Midbite, I squeezed my eyes closed, but it was too late to block the image of Luc wearing nothing but his birthday suit and sassy, red boots. “That’s my former boss you’re talking about,” I whispered. “And I’m trying to eat.”
“You’re thinking about him naked, aren’t you?”
“Unfortunately.”
She patted my arm. “And to think—I was actually hesitant about dating him. Oh, and speaking of which. Chaps. Enough said.”
“Enough most definitely said.” Lindsey was becoming my new, in-House Mallory, complete with conquest details. Sigh.

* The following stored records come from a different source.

lemma ctrans_mult_self_cancel_left:
  assumes A: "A \<in> carrier_mat n k" and Z1: "Z1 \<in> carrier_mat k l" and Z2: "Z2 \<in> carrier_mat k l"
    and eq: "ctrans A * A * Z1 = ctrans A * A * Z2"
  shows "A * Z1 = A * Z2"
proof -
  define D where "D = Z1 - Z2"
  have D: "D \<in> carrier_mat k l" using Z1 Z2 unfolding D_def by auto
  have "ctrans A * A * D = ctrans A * A * Z1 - ctrans A * A * Z2"
    unfolding D_def using A Z1 Z2 by (intro mult_minus_distrib_mat) auto
  also have "\<dots> = 0\<^sub>m k l" unfolding eq using A Z2 by (intro minus_r_inv_mat) auto
  finally have AAD: "ctrans A * A * D = 0\<^sub>m k l" .
  have "ctrans (A * D) * (A * D) = ctrans D * (ctrans A * A * D)"
    using A D by (simp add: ctrans_mult mat_mult_assoc)
  also have "\<dots> = 0\<^sub>m l l" using D unfolding AAD by simp
  finally have "ctrans (A * D) * (A * D) = 0\<^sub>m l l" .
  moreover have "A * D \<in> carrier_mat n l" using A D by simp
  ultimately have "A * D = 0\<^sub>m n l" by (rule ctrans_mult_self_eq_zero[rotated])
  moreover have "A * D = A * Z1 - A * Z2"
    unfolding D_def using A Z1 Z2 by (intro mult_minus_distrib_mat) auto
  ultimately have diff: "A * Z1 - A * Z2 = 0\<^sub>m n l" by metis
  show ?thesis
  proof (rule eq_matI)
    fix i j assume ij: "i < dim_row (A * Z2)" "j < dim_col (A * Z2)"
    have "(A * Z1 - A * Z2) $$ (i,j) = 0" using diff ij A Z2 by simp
    thus "(A * Z1) $$ (i,j) = (A * Z2) $$ (i,j)" using ij A Z1 Z2 by simp
  qed (use A Z1 Z2 in auto)
qed

lemma row_echelon_form_g_inverse:
  fixes C :: "'a :: field mat"
  assumes C: "C \<in> carrier_mat nr nc" and "row_echelon_form C"
  shows "\<exists>S \<in> carrier_mat nc nr. C * S * C = C"
proof -
  obtain f where "pivot_fun C f nc" using assms unfolding row_echelon_form_def by auto
  note pivot = pivot_funD[OF _ this, of nr]
  define S where "S = mat nc nr (\<lambda>(j,i). if f i < nc \<and> j = f i then 1 else (0::'a))"
  have S: "S \<in> carrier_mat nc nr" unfolding S_def by auto
  have CS: "C * S = mat nr nr (\<lambda>(i,l). if f l < nc \<and> i = l then 1 else 0)"
  proof (rule eq_matI)
    fix i l assume i: "i < dim_row (mat nr nr (\<lambda>(i,l). if f l < nc \<and> i = l then 1 else (0::'a)))"
      and l: "l < dim_col (mat nr nr (\<lambda>(i,l). if f l < nc \<and> i = l then 1 else (0::'a)))"
    have "(C * S) $$ (i,l) = (\<Sum>j\<in>{0..<nc}. if j = f l \<and> f l < nc then C $$ (i,j) else 0)"
      using i l C S by (auto simp: scalar_prod_def S_def intro: sum.cong)
    also have "\<dots> = (if f l < nc then C $$ (i, f l) else 0)"
      by (cases "f l < nc") (auto simp: sum.delta)
    also have "\<dots> = (if f l < nc \<and> i = l then 1 else 0)"
      using pivot(4)[of l] pivot(5)[of l i] C i l by auto
    finally show "(C * S) $$ (i,l) = mat nr nr (\<lambda>(i,l). if f l < nc \<and> i = l then 1 else 0) $$ (i,l)"
      using i l by simp
  qed (use C S in auto)
  have "C * S * C = C"
  proof (rule eq_matI)
    fix i k assume i: "i < dim_row C" and k: "k < dim_col C"
    have "(C * S * C) $$ (i,k) = (\<Sum>l\<in>{0..<nr}. if l = i \<and> f i < nc then C $$ (l,k) else 0)"
      using i k C unfolding CS by (auto simp: scalar_prod_def intro: sum.cong)
    also have "\<dots> = (if f i < nc then C $$ (i,k) else 0)"
      using i C by (cases "f i < nc") (auto simp: sum.delta)
    also have "\<dots> = C $$ (i,k)"
      using pivot(1)[of i] pivot(2)[of i k] i k C by fastforce
    finally show "(C * S * C) $$ (i,k) = C $$ (i,k)" .
  qed (use C S in auto)
  with S show ?thesis by blast
qed

lemma g_inverse_exists:
  fixes A :: "'a :: field mat"
  assumes A: "A \<in> carrier_mat nr nc"
  shows "\<exists>G \<in> carrier_mat nc nr. A * G * A = A"
proof -
  define C where "C = gauss_jordan_single A"
  note gauss_jordan = gauss_jordan_single[OF A C_def[symmetric]]
  obtain P Q where PQ: "C = P * A" "P \<in> carrier_mat nr nr" "Q \<in> carrier_mat nr nr"
    "P * Q = 1\<^sub>m nr" "Q * P = 1\<^sub>m nr"
    using gauss_jordan(4) by blast
  obtain S where S: "S \<in> carrier_mat nc nr" and CSC: "C * S * C = C"
    using row_echelon_form_g_inverse[OF gauss_jordan(2,3)] by blast
  have C: "C \<in> carrier_mat nr nc" by (fact gauss_jordan(2))
  have A_eq: "A = Q * C"
    using PQ A by (simp add: mat_mult_assoc[symmetric])
  have "A * (S * P) * A = Q * (C * S * (P * Q) * C)"
    using PQ C S unfolding A_eq by (simp add: mat_mult_assoc)
  also have "\<dots> = A"
    using PQ C S CSC A_eq by simp
  finally show ?thesis using S PQ by (intro bexI[of _ "S * P"]) auto
qed

lemma ctrans_mult_self_g_inverse:
  assumes A: "A \<in> carrier_mat n k" and G: "G \<in> carrier_mat k k"
    and g_inv: "ctrans A * A * G * (ctrans A * A) = ctrans A * A"
  shows "A * G * ctrans A * A = A"
proof -
  have "ctrans A * A * (G * ctrans A * A) = ctrans A * A * 1\<^sub>m k"
    using g_inv A G by (simp add: mat_mult_assoc)
  then have "A * (G * ctrans A * A) = A * 1\<^sub>m k"
    by (rule ctrans_mult_self_cancel_left[OF A _ one_carrier_mat, rotated]) (use A G in auto)
  thus ?thesis using A G by (simp add: mat_mult_assoc)
qed

lemma inverse_123_exists:
  assumes A: "A \<in> carrier_mat n k"
  shows "\<exists>Y \<in> carrier_mat k n. A * Y * A = A \<and> Y * A * Y = Y \<and> ctrans (A * Y) = A * Y"
proof -
  have "ctrans A * A \<in> carrier_mat k k" using A by auto
  then obtain G where G: "G \<in> carrier_mat k k"
    and g_inv: "ctrans A * A * G * (ctrans A * A) = ctrans A * A"
    using g_inverse_exists by blast
  have "ctrans A * A * ctrans G * (ctrans A * A) = ctrans (ctrans A * A * G * (ctrans A * A))"
    using A G by (simp add: ctrans_mult mat_mult_assoc)
  also have "\<dots> = ctrans A * A"
    unfolding g_inv using A by (simp add: ctrans_mult)
  finally have g_inv': "ctrans A * A * ctrans G * (ctrans A * A) = ctrans A * A" .
  have AGA: "A * G * ctrans A * A = A"
    by (rule ctrans_mult_self_g_inverse[OF A G g_inv])
  have "ctrans A * A * G * ctrans A = ctrans (A * ctrans G * ctrans A * A)"
    using A G by (simp add: ctrans_mult mat_mult_assoc)
  also have "A * ctrans G * ctrans A * A = A"
    using ctrans_mult_self_g_inverse[OF A _ g_inv'] G by auto
  finally have AGA': "ctrans A * A * G * ctrans A = ctrans A" .
  define Y where "Y = G * ctrans A"
  have Y: "Y \<in> carrier_mat k n" using A G unfolding Y_def by auto
  have 1: "A * Y * A = A" using AGA A G unfolding Y_def by (simp add: mat_mult_assoc)
  have 2: "Y * A * Y = Y"
    using AGA' A G unfolding Y_def by (simp add: mat_mult_assoc)
  text \<open>\<open>(A Y)\<^sup>* = (A Y)\<^sup>* (A Y)\<close>, and the right-hand side is Hermitian.\<close>
  have "ctrans (A * Y) * (A * Y) = A * ctrans G * (ctrans A * A * G * ctrans A)"
    using A G unfolding Y_def by (simp add: ctrans_mult mat_mult_assoc)
  also have "\<dots> = ctrans (A * Y)"
    using AGA' A G unfolding Y_def by (simp add: ctrans_mult mat_mult_assoc)
  finally have AY: "ctrans (A * Y) * (A * Y) = ctrans (A * Y)" .
  have "ctrans (A * Y) = ctrans (A * Y) * (A * Y)" by (rule AY[symmetric])
  also have "\<dots> = ctrans (ctrans (A * Y) * (A * Y))" using A Y by (simp add: ctrans_mult)
  also have "\<dots> = A * Y" unfolding AY by simp
  finally have 3: "ctrans (A * Y) = A * Y" .
  show ?thesis using Y 1 2 3 by blast
qed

“In that case, I’ll leave you to your imagination. But I strongly recommend the therapeutic application of fuzzy-chested vampire to grief. It works miracles.”
“I am sincerely glad to hear that. But if you keep talking, I will poke your eyes out with a toothpick.” I shoved a handful of napkins in her general direction. “Shut up and eat your burger
.”
Sometimes a girl had to lay down the law.